1st New Jersey Highway Commissioner
- In office 1935–1942
- Appointed by: Harold Giles Hoffman

Chairman of the New Jersey Republican State Committee
- In office 1934–1935
- Preceded by: E. Bertram Mott
- Succeeded by: Henry W. Jeffers

Personal details
- Born: Edwin Donald Sterner January 3, 1894 Belmar, New Jersey, U.S.
- Died: September 30, 1983 (aged 89) Jersey Shore Medical Center Neptune City, New Jersey, U.S.
- Education: Asbury Park High School

= E. Donald Sterner =

American politician (1894–1983)

Edwin Donald Sterner (January 3, 1894 – September 30, 1983) was an American lumberman and Republican Party politician who served in both houses of the New Jersey Legislature and as chairman of the New Jersey Republican State Committee. He was also the first New Jersey Highway Commissioner.

==Biography==
Sterner was born in Belmar, New Jersey, on January 3, 1894, to Willard J. Sterner and Jennie L. Disbrow.
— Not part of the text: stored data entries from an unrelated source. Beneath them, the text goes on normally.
lemma cf_convergent_pos:
  assumes d: "d \<in> {1, 2, 3, 7, 11}" and rd: "nearest_rounding d rd" and hz: "0 < hval h z 1"
  shows "\<exists>m. cf_defined rd z m \<and> 0 < hval h (cfP rd z (Suc (Suc m))) (cfQ rd z (Suc (Suc m)))"
proof -
  have "((\<lambda>x. hval h x 1) \<longlongrightarrow> hval h z 1) (nhds z)"
    using isCont_hval[where H = h and w = 1 and z = z] unfolding isCont_def
    by (rule tendsto_at_iff_tendsto_nhds[THEN iffD1])
  then have "\<forall>\<^sub>F x in nhds z. 0 < hval h x 1" using hz by (rule order_tendstoD(1))
  then obtain \<delta> where \<delta>: "0 < \<delta>" "\<And>x. dist x z < \<delta> \<Longrightarrow> 0 < hval h x 1"
    unfolding eventually_nhds_metric by blast
  obtain m where m: "cf_defined rd z m" "cmod (cf_error rd z (Suc (Suc m))) < min \<delta> 1"
    using cf_error_small[OF d rd, of "min \<delta> 1" z] \<delta>(1) by auto
  define p where "p = cfP rd z (Suc (Suc m))"
  define q where "q = cfQ rd z (Suc (Suc m))"
  have err: "cf_error rd z (Suc (Suc m)) = q * z - p" by (simp add: cf_error_def p_def q_def)
  have d0: "0 < d" using d by auto
  have "q \<noteq> 0"
  proof
    assume "q = 0"
    then have "cmod p < 1" using m(2) by (simp add: err)
    then have "p = 0" using Od_norm_ge_1[OF d0 cfP_Od[OF rd], of z "Suc (Suc m)"] by (auto simp: p_def)
    then show False
      using cfP_cfQ_det[of rd z "Suc m"] \<open>q = 0\<close> by (simp add: p_def q_def)
  qed
  then have "1 \<le> cmod q" unfolding q_def by (rule Od_norm_ge_1[OF d0 cfQ_Od[OF rd]])
  have "p / q - z = - (q * z - p) / q" using \<open>q \<noteq> 0\<close> by (simp add: field_simps)
  then have "dist (p / q) z = cmod (q * z - p) / cmod q"
    by (simp add: dist_norm norm_divide norm_minus_commute)
  also have "\<dots> \<le> cmod (q * z - p)"
    using \<open>1 \<le> cmod q\<close> \<open>q \<noteq> 0\<close> by (intro mult_imp_div_pos_le) (simp_all add: mult_le_cancel_left1)
  also have "\<dots> < \<delta>" using m(2) by (simp add: err)
  finally have "0 < hval h (p / q) 1" by (rule \<delta>(2))
  then have "0 < hval h p q" using hval_div[OF \<open>q \<noteq> 0\<close>, of h p] \<open>q \<noteq> 0\<close> by simp
  then show ?thesis using m(1) by (auto simp: p_def q_def)
qed

lemma cf_sign_change:
  assumes d: "d \<in> {1, 2, 3, 7, 11}" and rd: "nearest_rounding d rd"
    and h: "Od_anisotropic d h" "Re (ha h) < 0" "0 < hval h z 1"
  shows "\<exists>m. cf_defined rd z m
    \<and> hval h (cfP rd z (Suc m)) (cfQ rd z (Suc m)) < 0
    \<and> 0 < hval h (cfP rd z (Suc (Suc m))) (cfQ rd z (Suc (Suc m)))"
proof -
  define pos where
    "pos m \<longleftrightarrow> cf_defined rd z m \<and> 0 < hval h (cfP rd z (Suc (Suc m))) (cfQ rd z (Suc (Suc m)))"
    for m
  obtain m where "pos m" and below: "\<And>k. k < m \<Longrightarrow> \<not> pos k"
    using cf_convergent_pos[OF d rd h(3)] exists_least_iff[of pos] unfolding pos_def by blast
  have "hval h (cfP rd z (Suc m)) (cfQ rd z (Suc m)) < 0"
  proof (cases m)
    case 0
    then show ?thesis using h(2) by (simp add: hval_1_0)
  next
    case (Suc k)
    have "cf_defined rd z k" using \<open>pos m\<close> Suc by (simp add: pos_def cf_defined_def)
    then have "hval h (cfP rd z (Suc m)) (cfQ rd z (Suc m)) \<le> 0"
      using below[of k] Suc by (auto simp: pos_def simp del: cfP.simps cfQ.simps)
    moreover have "cfP rd z (Suc m) \<noteq> 0 \<or> cfQ rd z (Suc m) \<noteq> 0"
      using cfP_cfQ_det[of rd z m] by auto
    then have "hval h (cfP rd z (Suc m)) (cfQ rd z (Suc m)) \<noteq> 0"
      using h(1) cfP_Od[OF rd] cfQ_Od[OF rd] by (simp add: Od_anisotropic_def)
    ultimately show ?thesis by simp
  qed
  then show ?thesis using \<open>pos m\<close> by (auto simp: pos_def)
qed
After graduating from Asbury Park High School in 1912, he worked for the Lewis Lumber Company in Asbury Park where his father was the manager. He then served in the United States Army during World War I. He attended officers' training camps in Plattsburgh and Fort Niagara, New York, and was commissioned Second Lieutenant in 1917, later promoted to First Lieutenant before being sent overseas in 1918. He was salvage officer with the 2nd Infantry Division and was engaged in the Second Battle of the Marne, the Battle of Saint-Mihiel and the Meuse-Argonne Offensive.

After the war he returned to Belmar and managed the Sterner Coal and Lumber Company, founded by his father in 1919.
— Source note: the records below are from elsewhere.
context
  fixes e f v
  assumes e: "e \<in> Es \<sigma>" and f: "f \<in> Es \<sigma>" and v: "v \<in> D" "(v, c) \<in> e" "(c, v) \<in> f"
begin

lemma classes_with_c:
  assumes u: "u \<in> D"
  shows "(u, c) \<in> e \<and> (c, u) \<in> f \<or> (u, c) \<in> f \<and> (c, u) \<in> e"
proof (cases "undist R c u v")
  case True
  then have "((v, c), (u, c)) \<in> R" "((c, v), (c, u)) \<in> R" unfolding undist_def using R_sym by blast+
  then show ?thesis using class_closed[OF e v(2)] class_closed[OF f v(3)] by blast
next
  case False
  then have "u \<noteq> v" using undist_refl u v(1) D_sub c_in c_notin by blast
  then have uv: "undist R u v c" "undist R v u c" using undist_c_from_both u v(1) False by blast+
  have "((c, v), (u, c)) \<in> R"
    using R_trans[OF R_sym] uv unfolding undist_def by blast
  moreover have "((v, c), (c, u)) \<in> R"
    using R_trans[OF R_sym] uv unfolding undist_def by blast
  ultimately show ?thesis using class_closed[OF e v(2)] class_closed[OF f v(3)] by blast
qed

lemma classes_in_D:
  assumes "y \<in> D" "u \<in> D" "y \<noteq> u"
  shows "(y, u) \<in> e \<and> (u, y) \<in> f \<or> (y, u) \<in> f \<and> (u, y) \<in> e"
proof -
  have *: "(y, u) \<in> e \<and> (u, y) \<in> f \<or> (y, u) \<in> f \<and> (u, y) \<in> e"
    if "y \<in> D" "undist R y u c" for y u
  proof -
    have "((y, c), (y, u)) \<in> R" "((c, y), (u, y)) \<in> R" using that(2) R_sym unfolding undist_def by blast+
    then show ?thesis using classes_with_c[OF that(1)] class_closed[OF e] class_closed[OF f] by blast
  qed
  show ?thesis using undist_c_one_way[OF assms] *[of y u] *[of u y] assms by blast
qed

context
  assumes "e \<noteq> f"
begin

lemma not_in_both: "p \<in> e \<Longrightarrow> p \<in> f \<Longrightarrow> False"
  using class_disjoint[OF e f] \<open>e \<noteq> f\<close> by blast

lemma class_order_across:
  assumes x: "x \<in> D" "(x, c) \<in> e" and y: "y \<in> D" "(y, c) \<notin> e"
  shows "(x, y) \<in> class_order D e f"
proof -
  have "x \<noteq> y" using x y by blast
  moreover have "\<not> undist R c x y"
    using class_closed[OF e x(2)] y(2) unfolding undist_def by blast
  ultimately have "undist R x y c" using undist_c_from_both x(1) y(1) by blast
  then have "((x, c), (x, y)) \<in> R" "((c, x), (y, x)) \<in> R" using R_sym unfolding undist_def by blast+
  moreover have "(c, x) \<in> f" using classes_with_c[OF x(1)] x(2) not_in_both by blast
  ultimately show ?thesis
    using class_closed[OF e x(2)] class_closed[OF f] x y \<open>x \<noteq> y\<close> unfolding class_order_def by blast
qed

lemma class_order_side:
  assumes "(x, y) \<in> class_order D e f" "(y, c) \<in> e"
  shows "(x, c) \<in> e"
  using class_order_across[of y x] assms not_in_both unfolding class_order_def by blast

lemma undist_c_same_side:
  assumes "x \<in> D" "y \<in> D" "((x, c) \<in> e) = ((y, c) \<in> e)"
  shows "undist R c x y"
  using classes_with_c[OF assms(1)] classes_with_c[OF assms(2)] assms(3) not_in_both
    class_related[OF e] class_related[OF f]
  unfolding undist_def by blast
lemma periodic_translate_pieces:
  assumes per: "lattice_periodic Q"
  shows "{x \<in> torus_dom \<inter> {x. x - a \<in> Q}. - lattice_index (x - a) = k}
       = (+) (a - lattice_vec k) ` {y \<in> torus_dom \<inter> Q. lattice_index (y + a) = k}"
    (is "?A = ?B")
proof (rule set_eqI, rule iffI)
  fix x assume "x \<in> ?A"
  then have x: "x \<in> torus_dom" "x - a \<in> Q" "lattice_index (x - a) = - k" by auto
  define y where "y = x - a + lattice_vec k"
  have "y = torus_reduce (x - a)"
    by (simp add: y_def torus_reduce_eq x(3) lattice_vec_minus)
  then have "y \<in> torus_dom" "y \<in> Q"
    using x(2) per torus_reduce_in_dom unfolding lattice_periodic_def by auto
  moreover have "lattice_index (y + a) = k"
  proof -
    have "y + a = x + lattice_vec k" by (simp add: y_def)
    then show ?thesis using lattice_index_shift[of x k] lattice_index_eq_0_iff[THEN iffD2, OF x(1)] by simp
  qed
  moreover have "x = (a - lattice_vec k) + y" by (simp add: y_def)
  ultimately show "x \<in> ?B" by blast
next
  fix x assume "x \<in> ?B"
  then obtain y where y: "y \<in> torus_dom" "y \<in> Q" "lattice_index (y + a) = k"
    and x: "x = a - lattice_vec k + y" by auto
  have "x - a = y + lattice_vec (- k)" using x by (simp add: lattice_vec_minus)
  then have "x - a \<in> Q" "lattice_index (x - a) = - k"
    using y(1,2) lattice_periodic_lattice_vec[OF per] lattice_index_shift[of y "- k"]
      lattice_index_eq_0_iff[of y] by auto
  moreover have "x \<in> torus_dom"
  proof -
    have "x = (y + a) - lattice_vec k" using x by simp
    then show ?thesis using y(3) lattice_index_eq_iff[of "y + a" k] by simp
  qed
  ultimately show "x \<in> ?A" by simp
qed

text \<open>The key invariance: summing the measures of these pieces over all k shows that
  translating a periodic set does not change the measure of its trace on D.\<close>
lemma periodic_translate_emeasure:
  assumes per: "lattice_periodic Q" and Q_meas: "Q \<in> sets lebesgue"
  shows "emeasure lebesgue (torus_dom \<inter> {x. x - a \<in> Q}) = emeasure lebesgue (torus_dom \<inter> Q)"
proof -
  define A where "A k = {x \<in> torus_dom \<inter> {x. x - a \<in> Q}. - lattice_index (x - a) = k}" for k
  define B where "B k = {y \<in> torus_dom \<inter> Q. lattice_index (y + a) = k}" for k
  have A_eq: "A k = (+) (a - lattice_vec k) ` B k" for k
    unfolding A_def B_def by (rule periodic_translate_pieces[OF per])
  have B_meas: "B k \<in> sets lebesgue" for k
  proof -
    have "B k = torus_dom \<inter> Q \<inter> {y. lattice_index (y + a) = k}" unfolding B_def by blast
    then show ?thesis by (simp add: sets.Int torus_dom_measurable Q_meas lattice_cell_measurable)
  qed
  have A_meas: "A k \<in> sets lebesgue" for k
    unfolding A_eq by (rule lebesgue_sets_translation[OF B_meas])
  have "emeasure lebesgue (torus_dom \<inter> {x. x - a \<in> Q}) = (\<integral>\<^sup>+k. emeasure lebesgue (A k) \<partial>count_space UNIV)"
    unfolding A_def using A_meas[unfolded A_def] by (rule emeasure_split_by_index)
  also have "\<dots> = (\<integral>\<^sup>+k. emeasure lebesgue (B k) \<partial>count_space UNIV)"
    using emeasure_lebesgue_affine[of 1 "a - lattice_vec _"] by (simp add: A_eq add.commute)
  also have "\<dots> = emeasure lebesgue (torus_dom \<inter> Q)"
    unfolding B_def using B_meas[unfolded B_def] by (rule emeasure_split_by_index[symmetric])
  finally show ?thesis .
qed

lemma periodic_translate_measure:
  "lattice_periodic Q \<Longrightarrow> Q \<in> sets lebesgue \<Longrightarrow>
   measure lebesgue (torus_dom \<inter> {x. x - a \<in> Q}) = measure lebesgue (torus_dom \<inter> Q)"
  unfolding measure_def by (simp add: periodic_translate_emeasure)

section \<open>The defect of a periodic set and the function Lambda\<close>

definition defect :: "(real^'n) set \<Rightarrow> real^'n \<Rightarrow> (real^'n) set" where
  "defect Q a = torus_dom \<inter> (Q - {x. x - a \<in> Q})"

lemma torus_translate_reduce: "torus_translate M a = (\<lambda>x. torus_reduce (x + a)) ` M"
  by (simp add: torus_translate_def torus_reduce_def)

lemma torus_translate_eq:
  assumes "M \<subseteq> torus_dom"
  shows "torus_translate M a = torus_dom \<inter> {x. x - a \<in> periodic_lift M}"
proof (rule set_eqI, rule iffI)
  fix x assume "x \<in> torus_translate M a"
  then obtain m where m: "m \<in> M" "x = torus_reduce (m + a)"
    unfolding torus_translate_reduce by auto
  have "torus_reduce (x - a) = m"
    using m assms torus_reduce_add[of "m + a" "- a"] torus_reduce_id by auto
  then show "x \<in> torus_dom \<inter> {x. x - a \<in> periodic_lift M}"
    using m torus_reduce_in_dom by (auto simp: periodic_lift_def)
next
  fix x assume x: "x \<in> torus_dom \<inter> {x. x - a \<in> periodic_lift M}"
  have "x = torus_reduce (torus_reduce (x - a) + a)"
    using x torus_reduce_add[of "x - a" a] torus_reduce_id[of x] by auto
  then show "x \<in> torus_translate M a"
    using x unfolding torus_translate_reduce periodic_lift_def by auto
qed

lemma Lambda_eq_defect:
  assumes "M \<subseteq> torus_dom"
  shows "Lambda M a = measure lebesgue (defect (periodic_lift M) a)"
proof -
  have "M = torus_dom \<inter> periodic_lift M"
  proof (rule set_eqI)
    fix x show "x \<in> M \<longleftrightarrow> x \<in> torus_dom \<inter> periodic_lift M"
      using assms torus_reduce_id[of x] by (auto simp: periodic_lift_def)
  qed
  then have "M - torus_translate M a = defect (periodic_lift M) a"
    unfolding torus_translate_eq[OF assms] defect_def by blast
  then show ?thesis unfolding Lambda_def by simp
qed

lemma defect_lmeasurable: "Q \<in> sets lebesgue \<Longrightarrow> defect Q a \<in> lmeasurable"
  unfolding defect_def
  by (rule torus_dom_subset_lmeasurable)
     (auto intro!: sets.Int sets.Diff torus_dom_measurable lebesgue_translate_measurable)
He married Dorothy and had as their children: two sons, George W. Sterner, of Wall Township, New Jersey; and John N. Sterner of Spring Lake Heights; a daughter, Dorothy Sterner Braly of Baltimore, Maryland.
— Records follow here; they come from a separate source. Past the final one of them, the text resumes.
(* Let $n\geq 1$ and $s\geq 1$ be integers. Let $G$ be a connected graph on $n+s$ vertices and let $S\subseteq V(G)$ with $|S|=s$. If every non-terminal level with respect to $S$ contains at least $3$ vertices, then \[ \sigma(S)\leq \frac{1}{6}\left(n^2+3n+2\right). \]
   Context: For a connected graph $G$ and $\emptyset\neq S\subseteq V(G)$, $d_G(S,u)=\min\{d_G(u,v): v\in S\}$, and the status of $S$ is $\sigma(S)=\sigma_G(S)=\sum_{u\in V(G)} d_G(S,u)$. For $i\geq 1$, the $i$-th level with respect to $S$ is the set of vertices $u$ with $d_G(S,u)=i$. The terminal level is the nonempty level with the largest index $i$; the non-terminal levels are all levels $1,\dots,r$ preceding the terminal level $r+1$ (all of which are nonempty by connectivity). *)

theory Defs
  imports Complex_Main
begin

definition simple_graph :: "'a set \<Rightarrow> ('a \<Rightarrow> 'a \<Rightarrow> bool) \<Rightarrow> bool" where
  "simple_graph V E \<longleftrightarrow> finite V \<and>
     (\<forall>u v. E u v \<longrightarrow> u \<in> V \<and> v \<in> V \<and> u \<noteq> v \<and> E v u)"

definition is_walk :: "'a set \<Rightarrow> ('a \<Rightarrow> 'a \<Rightarrow> bool) \<Rightarrow> 'a list \<Rightarrow> bool" where
  "is_walk V E xs \<longleftrightarrow> xs \<noteq> [] \<and> set xs \<subseteq> V \<and>
     (\<forall>i. Suc i < length xs \<longrightarrow> E (xs ! i) (xs ! Suc i))"

definition connected_graph :: "'a set \<Rightarrow> ('a \<Rightarrow> 'a \<Rightarrow> bool) \<Rightarrow> bool" where
  "connected_graph V E \<longleftrightarrow> V \<noteq> {} \<and>
     (\<forall>u\<in>V. \<forall>v\<in>V. \<exists>xs. is_walk V E xs \<and> hd xs = u \<and> last xs = v)"

definition gdist :: "'a set \<Rightarrow> ('a \<Rightarrow> 'a \<Rightarrow> bool) \<Rightarrow> 'a \<Rightarrow> 'a \<Rightarrow> nat" where
  "gdist V E u v = (LEAST k. \<exists>xs. is_walk V E xs \<and> hd xs = u \<and> last xs = v \<and> length xs = Suc k)"

definition set_dist :: "'a set \<Rightarrow> ('a \<Rightarrow> 'a \<Rightarrow> bool) \<Rightarrow> 'a set \<Rightarrow> 'a \<Rightarrow> nat" where
  "set_dist V E S u = Min ((\<lambda>v. gdist V E u v) ` S)"

definition status :: "'a set \<Rightarrow> ('a \<Rightarrow> 'a \<Rightarrow> bool) \<Rightarrow> 'a set \<Rightarrow> nat" where
  "status V E S = (\<Sum>u\<in>V. set_dist V E S u)"

definition level :: "'a set \<Rightarrow> ('a \<Rightarrow> 'a \<Rightarrow> bool) \<Rightarrow> 'a set \<Rightarrow> nat \<Rightarrow> 'a set" where
  "level V E S i = {u \<in> V. set_dist V E S u = i}"

definition terminal_index :: "'a set \<Rightarrow> ('a \<Rightarrow> 'a \<Rightarrow> bool) \<Rightarrow> 'a set \<Rightarrow> nat" where
  "terminal_index V E S = Max (set_dist V E S ` V)"

end

theory Submission
  imports Defs
begin

text \<open>Every vertex outside S lies at a level i with 1 \<le> i \<le> R, where R is the terminal
  index. Counting from the top, \<sigma>(S) + (\<Sum>u\<in>V - S. R - d(S,u)) = R n, and each
  non-terminal level i contributes at least 3 (R - i) to the second sum. Hence
  6 \<sigma>(S) \<le> 6 R n - 9 R (R - 1) = n^2 + 3 n + 2 - (n - 3 R + 1) (n - 3 R + 2),
  and a product of two consecutive integers is nonnegative.\<close>

lemma double_sum_upper_differences: "2 * (\<Sum>i\<in>{1..<R}. R - i) = R * (R - 1 :: nat)"
proof -
  have "(\<Sum>i\<in>{1..<R}. R - i) = (\<Sum>i\<in>{1..<R}. i)"
    using sum.atLeastLessThan_rev[of "\<lambda>i. i" 1 R] by simp
  also have "\<dots> = (\<Sum>i<R. i)"
    by (rule sum.mono_neutral_left) auto
  also have "2 * \<dots> = R * (R - 1)"
    by (induction R) (auto simp: algebra_simps)
  finally show ?thesis .
qed

lemma sum_le_of_thick_levels:
  fixes f :: "'a \<Rightarrow> nat"
  assumes fin: "finite W" and bounded: "\<forall>u\<in>W. f u \<le> R"
    and thick: "\<forall>i. 1 \<le> i \<and> i < R \<longrightarrow> 3 \<le> card {u\<in>W. f u = i}"
  shows "6 * (\<Sum>u\<in>W. f u) \<le> card W ^ 2 + 3 * card W + 2"
proof -
  define n where "n = card W"
  define A where "A = (\<Sum>u\<in>W. f u)"
  define C where "C = (\<Sum>i\<in>{1..<R}. R - i)"
  have "A + (\<Sum>u\<in>W. R - f u) = (\<Sum>u\<in>W. R)"
    unfolding A_def sum.distrib[symmetric] using bounded by (intro sum.cong) auto
  then have complement: "A + (\<Sum>u\<in>W. R - f u) = R * n"
    by (simp add: n_def)
  have "3 * C = (\<Sum>i\<in>{1..<R}. 3 * (R - i))"
    by (simp add: C_def sum_distrib_left)
  also have "\<dots> \<le> (\<Sum>i\<in>{1..<R}. card {u\<in>W. f u = i} * (R - i))"
    using thick by (intro sum_mono mult_right_mono) auto
  also have "\<dots> = (\<Sum>i\<in>{1..<R}. \<Sum>u\<in>{u\<in>W. f u = i}. R - f u)"
    by (intro sum.cong) auto
  also have "\<dots> = (\<Sum>u\<in>(\<Union>i\<in>{1..<R}. {u\<in>W. f u = i}). R - f u)"
    using fin by (intro sum.UNION_disjoint[symmetric]) auto
  also have "\<dots> \<le> (\<Sum>u\<in>W. R - f u)"
    using fin by (intro sum_mono2) auto
  finally have "3 * C \<le> (\<Sum>u\<in>W. R - f u)" .
  with complement have "A + 3 * C \<le> R * n"
    by linarith
  then have "int A + 3 * int C \<le> int R * int n"
    by (metis of_nat_add of_nat_le_iff of_nat_mult of_nat_numeral)
  moreover have "2 * C + R = R * R"
    using double_sum_upper_differences[of R] unfolding C_def[symmetric]
    by (cases R) simp_all
  then have "2 * int C + int R = int R * int R"
    by (metis of_nat_add of_nat_mult of_nat_numeral)
  moreover have "0 \<le> (int n - 3 * int R + 1) * (int n - 3 * int R + 2)"
    by (smt (verit) mult_nonneg_nonneg mult_nonpos_nonpos)
  ultimately have "int (6 * A) \<le> int (n ^ 2 + 3 * n + 2)"
    by (simp add: algebra_simps power2_eq_square)
  then show ?thesis
    unfolding A_def n_def by (simp only: of_nat_le_iff)
qed

lemma gdist_self:
  assumes "u \<in> V"
  shows "gdist V E u u = 0"
proof -
  have "is_walk V E [u]" using assms by (simp add: is_walk_def)
  then show ?thesis unfolding gdist_def
    by (intro Least_eq_0) (rule exI[of _ "[u]"], simp)
qed

lemma set_dist_eq_0:
  assumes "finite S" "S \<subseteq> V" "u \<in> S"
  shows "set_dist V E S u = 0"
proof -
  have "gdist V E u u \<in> (\<lambda>v. gdist V E u v) ` S" using assms(3) by (rule imageI)
  then have "Min ((\<lambda>v. gdist V E u v) ` S) \<le> gdist V E u u" using assms(1) by simp
  then show ?thesis using gdist_self[of u V E] assms(2,3) by (auto simp: set_dist_def)
qed

lemma set_dist_le_terminal_index:
  assumes "finite V" "u \<in> V"
  shows "set_dist V E S u \<le> terminal_index V E S"
  unfolding terminal_index_def using assms by (intro Max_ge) auto

lemma status_eq_sum_outside:
  assumes "finite V" "S \<subseteq> V"
  shows "status V E S = (\<Sum>u\<in>V - S. set_dist V E S u)"
proof -
  have "finite S" using assms finite_subset by blast
  then have "(\<Sum>u\<in>S. set_dist V E S u) = 0"
    using set_dist_eq_0[OF _ assms(2)] by simp
  then show ?thesis
    unfolding status_def using assms by (simp add: sum.subset_diff[of S V])
qed

lemma level_eq_outside:
  assumes "finite S" "S \<subseteq> V" "1 \<le> i"
  shows "level V E S i = {u \<in> V - S. set_dist V E S u = i}"
  using assms set_dist_eq_0[OF assms(1,2)] unfolding level_def by auto

theorem lemma8:
  fixes V :: "'a set" and E :: "'a \<Rightarrow> 'a \<Rightarrow> bool" and S :: "'a set" and n s :: nat
  assumes "n \<ge> 1" and "s \<ge> 1"
    and "simple_graph V E" and "connected_graph V E"
    and "card V = n + s"
    and "S \<subseteq> V" and "card S = s"
    and "\<forall>i. 1 \<le> i \<and> i < terminal_index V E S \<longrightarrow> card (level V E S i) \<ge> 3"
  shows "real (status V E S) \<le> (real n ^ 2 + 3 * real n + 2) / 6"
proof -
  have "finite V" using assms(3) by (simp add: simple_graph_def)
  then have "finite S" using assms(6) finite_subset by blast
  have bounded: "\<forall>u\<in>V - S. set_dist V E S u \<le> terminal_index V E S"
    using set_dist_le_terminal_index[OF \<open>finite V\<close>] by simp
  have thick: "\<forall>i. 1 \<le> i \<and> i < terminal_index V E S \<longrightarrow>
      3 \<le> card {u \<in> V - S. set_dist V E S u = i}"
    using assms(8) level_eq_outside[OF \<open>finite S\<close> assms(6)] by simp
  have "6 * status V E S \<le> card (V - S) ^ 2 + 3 * card (V - S) + 2"
    unfolding status_eq_sum_outside[OF \<open>finite V\<close> assms(6)]
    using \<open>finite V\<close> by (intro sum_le_of_thick_levels[OF _ bounded thick]) simp
  moreover have "card (V - S) = n"
    using assms(5-7) \<open>finite S\<close> by (simp add: card_Diff_subset)
  ultimately have "real (6 * status V E S) \<le> real (n ^ 2 + 3 * n + 2)"
    by (simp only: of_nat_le_iff)
  then show ?thesis by simp
qed

end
He became active in local Republican politics and was elected to the New Jersey General Assembly in 1927 and to the New Jersey Senate in 1929, representing Monmouth County. In 1934 he was selected as chairman of the New Jersey Republican State Committee by Harold G. Hoffman, then the Republican candidate for Governor of New Jersey. When Hoffman was elected to office, Sterner was also named the governor's secretary.

In 1935 the New Jersey Legislature passed a bill replacing the four-member Highway Commission with a single commissioner. Hoffman appointed Sterner to the new post. He served for seven years, continuing under Hoffman's Democratic successors, A. Harry Moore and Charles Edison. Edison launched an investigation of corruption in the Highway Department, and Sterner resigned in 1942. When the full report of the investigation was released the following year, it found malfeasance in some cases of land acquisition for right-of-way purposes, where property owners represented by influential politicians were given sweetheart deals.

Sterner continued to serve as president of the Sterner Coal and Lumber Company in Belmar. He later served as president of the New Jersey Lumbermen's Association and in 1950 was appointed to the National Lumber and Allied Products Retailers Industry Advisory Committee to the United States Department of Commerce.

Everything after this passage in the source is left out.